During the COVID19 crisis, where many states adopted “shelter in place” protocols, school buildings and the business of school have been shuttered.
Fair warning: I am not going to be “nice” in this post.
But I will say: we are all anxious, and our fears and anxiety manifest in different ways. I sense most folks are doing what’s best, recognizing these are challenging times, finding some joy and humor in the situation. However, some are not. Some use the excuse of their fear to lash out, make decisions that harm children, bully teachers, and try to maintain order but some insecure and false notion of concrete/sequential thinking to OBEY THE RULES when the rules don’t exist.
I just talked to my 11 year old niece, and she is in Zoom classes from 8 ’til 3 every day. 😱😱😱— Audrey Watters (@audreywatters) March 19, 2020
Focusing on Washington State, whose governor Jay Inslee has been a leader during this time. We have shuttered schools, provided timely information as best we can and responded with food service and educational resources for students. School districts are deciding on a case-by-case basis what the expectations, and my district, Auburn, enjoys a professional, functional relationship between the District and the Union. Because of this foundation of respect, care, and professionalism between the two entities, we are being provided with appropriate guidelines that meet the needs of students, families, and teachers. Teachers are humans, and there is not one of us who isn’t concerned for our students’ well-being and our own families.
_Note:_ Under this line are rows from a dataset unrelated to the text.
lemma energy_update_limit:
  assumes "field_expansion \<rho> r" "field_expansion \<rho>' r'" "field_expansion u v" "field_expansion u' v'"
    and "field_expansion p pc" "field_expansion p' pc'"
    and "const_expansion pinf q" "const_expansion pinf' q'"
    and "\<forall>\<epsilon>\<in>{0<..1}. \<forall>x.
          total_energy \<gamma> \<epsilon> (\<rho>' \<epsilon> x) (u' \<epsilon> x) (p' \<epsilon> x)
          = total_energy \<gamma> \<epsilon> (\<rho> \<epsilon> x) (u \<epsilon> x) (p \<epsilon> x)
            - \<Delta>t * divv (\<lambda>y. (total_energy \<gamma> \<epsilon> (\<rho> \<epsilon> y) (u \<epsilon> y) (p \<epsilon> y)
                                 + Pi_fun \<epsilon> (p \<epsilon> y) (pinf \<epsilon>)) *\<^sub>R u \<epsilon> y) x
            - \<Delta>t * divv (\<lambda>y. (p' \<epsilon> y - Pi_fun \<epsilon> (p' \<epsilon> y) (pinf' \<epsilon>)) *\<^sub>R u' \<epsilon> y) x"
  shows "pc' 0 x / (\<gamma> - 1) = pc 0 x / (\<gamma> - 1)
           - \<Delta>t * (divv (\<lambda>y. (pc 0 y / (\<gamma> - 1) + q 0) *\<^sub>R v 0 y) x
                   + divv (\<lambda>y. (pc' 0 y - q' 0) *\<^sub>R v' 0 y) x)"
proof -
  note C1 = field_expansion_C1_lin_approx[OF assms(1)] field_expansion_C1_lin_approx[OF assms(2)]
    field_expansion_C1_lin_approx[OF assms(3)] field_expansion_C1_lin_approx[OF assms(4)]
    field_expansion_C1_lin_approx[OF assms(5)] field_expansion_C1_lin_approx[OF assms(6)]
    const_expansion_lin_approx[OF assms(7)] const_expansion_lin_approx[OF assms(8)]
  have "pc' 0 x / (\<gamma> - 1) = pc 0 x / (\<gamma> - 1)
           - \<Delta>t * divv (\<lambda>y. (pc 0 y / (\<gamma> - 1) + q 0) *\<^sub>R v 0 y) x
           - \<Delta>t * divv (\<lambda>y. (pc' 0 y - q' 0) *\<^sub>R v' 0 y) x"
  proof (rule lin_approx_unique)
    show "lin_approx (\<lambda>\<epsilon>. total_energy \<gamma> \<epsilon> (\<rho>' \<epsilon> x) (u' \<epsilon> x) (p' \<epsilon> x)) (pc' 0 x / (\<gamma> - 1))"
      using C1_lin_approx_total_energy[OF C1(2,4,6)] by (rule C1_lin_approx_value)
    show "lin_approx (\<lambda>\<epsilon>. total_energy \<gamma> \<epsilon> (\<rho> \<epsilon> x) (u \<epsilon> x) (p \<epsilon> x)
            - \<Delta>t * divv (\<lambda>y. (total_energy \<gamma> \<epsilon> (\<rho> \<epsilon> y) (u \<epsilon> y) (p \<epsilon> y)
                                 + Pi_fun \<epsilon> (p \<epsilon> y) (pinf \<epsilon>)) *\<^sub>R u \<epsilon> y) x
            - \<Delta>t * divv (\<lambda>y. (p' \<epsilon> y - Pi_fun \<epsilon> (p' \<epsilon> y) (pinf' \<epsilon>)) *\<^sub>R u' \<epsilon> y) x)
        (pc 0 x / (\<gamma> - 1)
           - \<Delta>t * divv (\<lambda>y. (pc 0 y / (\<gamma> - 1) + q 0) *\<^sub>R v 0 y) x
           - \<Delta>t * divv (\<lambda>y. (pc' 0 y - q' 0) *\<^sub>R v' 0 y) x)"
      by (intro lin_approx_diff lin_approx_mult lin_approx_const lin_approx_divv
          C1_lin_approx_scaleR C1_lin_approx_add C1_lin_approx_diff C1_lin_approx_Pi_fun
          C1_lin_approx_value[OF C1_lin_approx_total_energy[OF C1(1,3,5)]] C1_lin_approx_total_energy C1)
        (rule C1)+
    show "eventually (\<lambda>\<epsilon>. total_energy \<gamma> \<epsilon> (\<rho>' \<epsilon> x) (u' \<epsilon> x) (p' \<epsilon> x)
        = total_energy \<gamma> \<epsilon> (\<rho> \<epsilon> x) (u \<epsilon> x) (p \<epsilon> x)
            - \<Delta>t * divv (\<lambda>y. (total_energy \<gamma> \<epsilon> (\<rho> \<epsilon> y) (u \<epsilon> y) (p \<epsilon> y)
                                 + Pi_fun \<epsilon> (p \<epsilon> y) (pinf \<epsilon>)) *\<^sub>R u \<epsilon> y) x
            - \<Delta>t * divv (\<lambda>y. (p' \<epsilon> y - Pi_fun \<epsilon> (p' \<epsilon> y) (pinf' \<epsilon>)) *\<^sub>R u' \<epsilon> y) x) (at_right 0)"
      using eventually_at_right_0_unit assms(9) by (auto elim: eventually_mono)
  qed
  then show ?thesis
    by (simp add: algebra_simps)
qed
But some districts and parents just want teachers to pretend that it’s business as usual and teachers must “earn their money” to some standard or expectation that even the parents don’t understand or respect. These are the parents who, I suspect, voiced loud concerns when Washington State adopted a sex education program (opt-in, I believe) and said “children should learn from their parents about this, not school.”
WELL, NOW IS YOUR CHANCE!
Now is your chance to get to know your child, like we teachers do. We know them because ‘building relationships’ is our first priority. We know when they’re sad, having a good day, have a success, pick them up from a failure, help with a growth mindset, allow risk taking, and know what their interests are. Now is your chance to dig into what your child is learning about. Now is your chance to look over online curriculum and review the Common Core Standards and be amazed at how your children’s teachers interpret, incorporate and build amazing curriculum that’s in the moment, flexible, adaptable, differentiated, accommodated, and personalized. Oh, and guess what?! You probably don’t have to do this 25 times a day, five times a day, five days a week, because most families now have 1-4 children. You can do a great job of supporting the online instruction! And if you’re one of those online and complaining, chances are you have access to the internet and a device, unlike thousands of students across the country. You don’t even have to alter this in any way, or create additional paper assignments for your child! WIN!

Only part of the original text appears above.